Extracted records

++++++++++

definition veldkamp_line :: "'p set \<Rightarrow> 'p set set \<Rightarrow> 'p set \<Rightarrow> 'p set \<Rightarrow> 'p set set" where
  "veldkamp_line P L H1 H2 = {H. geom_hyperplane P L H \<and>
     (H = H1 \<or> H = H2 \<or> (H1 \<inter> H2 = H1 \<inter> H \<and> H1 \<inter> H = H2 \<inter> H))}"

definition veldkamp_lines :: "'p set \<Rightarrow> 'p set set \<Rightarrow> 'p set set set" where
  "veldkamp_lines P L = {veldkamp_line P L H1 H2 | H1 H2.
     geom_hyperplane P L H1 \<and> geom_hyperplane P L H2 \<and> H1 \<noteq> H2}"

definition collinear :: "'p set set \<Rightarrow> 'p \<Rightarrow> 'p \<Rightarrow> bool" where
  "collinear L p q \<longleftrightarrow> (\<exists>l\<in>L. p \<in> l \<and> q \<in> l)"

definition sed_def_triples :: "nat set set" where
  "sed_def_triples = {t. defective_triple 4 t}"

definition D_points :: "nat set" where
  "D_points = {a \<in> {1..15}. \<exists>t. defective_triple 4 t \<and> a \<in> t}"

end

theory Submission
  imports Defs "HOL-Combinatorics.Transposition"
begin

text \<open>In A_N the product of two basis elements is e_a e_b = \<plusminus>e_(a XOR b), so the
  distinguished triples are exactly the sets {a, b, a XOR b} of distinct nonzero indices.
  In a structure with three points per line the complement of a geometric hyperplane meets every
  line in an even number of points; if moreover no hyperplane contains another (as in D), the
  Veldkamp line through A and B consists of A, B and the hyperplane whose complement is the
  symmetric difference of the complements of A and B.  Hence labelling a hyperplane of D by the
  XOR of the units of D outside it is additive along Veldkamp lines; being a bijection onto the
  fifteen imaginary units, it carries Veldkamp lines onto distinguished triples.  The remaining
  statements are finite checks on the explicitly computed ten defective triples and fifteen
  hyperplanes of D.\<close>

unbundle bit_operations_syntax

section \<open>Products of basis elements\<close>

lemma xor_less_exp:
  fixes a b :: nat
  shows "a < 2^N \<Longrightarrow> b < 2^N \<Longrightarrow> a XOR b < 2^N"
  by (metis take_bit_nat_eq_self_iff take_bit_xor)

lemma exp_add_eq_xor:
  fixes x :: nat
  assumes "x < 2^N"
  shows "2^N + x = 2^N XOR x"
proof (rule disjunctive_add_eq_xor)
  have "\<not> bit x N"
    using assms by (metis bit_take_bit_iff less_irrefl take_bit_nat_eq_self_iff)
  then show "2^N AND x = 0" by (simp add: and_exp_eq_0_iff_not_bit and.commute)
qed

lemma xor_exp_add:
  fixes a b :: nat
  assumes "a < 2^N" "b < 2^N"
  shows "(2^N + a) XOR b = 2^N + (a XOR b)"
    and "a XOR (2^N + b) = 2^N + (a XOR b)"
    and "(2^N + a) XOR (2^N + b) = a XOR b"
proof -
  have ab: "2^N + (a XOR b) = 2^N XOR (a XOR b)"
    using assms by (simp add: exp_add_eq_xor xor_less_exp)
  show "(2^N + a) XOR b = 2^N + (a XOR b)"
    unfolding ab exp_add_eq_xor[OF assms(1)] by (rule xor.assoc)
  then show "a XOR (2^N + b) = 2^N + (a XOR b)"
    unfolding exp_add_eq_xor[OF assms(1)] exp_add_eq_xor[OF assms(2)] ab
    by (metis xor.assoc xor.commute)
  show "(2^N + a) XOR (2^N + b) = a XOR b"
    unfolding exp_add_eq_xor[OF assms(1)] exp_add_eq_xor[OF assms(2)]
    by (metis xor.assoc xor.commute xor.left_neutral xor_self_eq)
qed

lemma xor_cancel:
  fixes x y :: nat
  shows "x XOR (x XOR y) = y" and "(x XOR y) XOR y = x"
  by (metis xor.assoc xor.left_neutral xor_self_eq, metis xor.assoc xor.right_neutral xor_self_eq)

definition scaled_basis :: "real \<Rightarrow> nat \<Rightarrow> nat \<Rightarrow> real" where
  "scaled_basis s k = (\<lambda>i. if i = k then s else 0)"

definition conj_sign :: "nat \<Rightarrow> real" where
  "conj_sign a = (if a = 0 then 1 else -1)"

fun cd_sign :: "nat \<Rightarrow> nat \<Rightarrow> nat \<Rightarrow> real" where
  "cd_sign 0 a b = 1"
| "cd_sign (Suc N) a b =
     (if a < 2^N \<and> b < 2^N then cd_sign N a b
      else if a < 2^N then conj_sign a * cd_sign N a (b - 2^N)
      else if b < 2^N then cd_sign N b (a - 2^N)
      else - conj_sign (a - 2^N) * cd_sign N (b - 2^N) (a - 2^N))"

++++++++++

*What to work on*. Which lines in the data above contain "exists"? Show each one.

*Answer for the task*.
  "collinear L p q \<longleftrightarrow> (\<exists>l\<in>L. p \<in> l \<and> q \<in> l)"
  "D_points = {a \<in> {1..15}. \<exists>t. defective_triple 4 t \<and> a \<in> t}"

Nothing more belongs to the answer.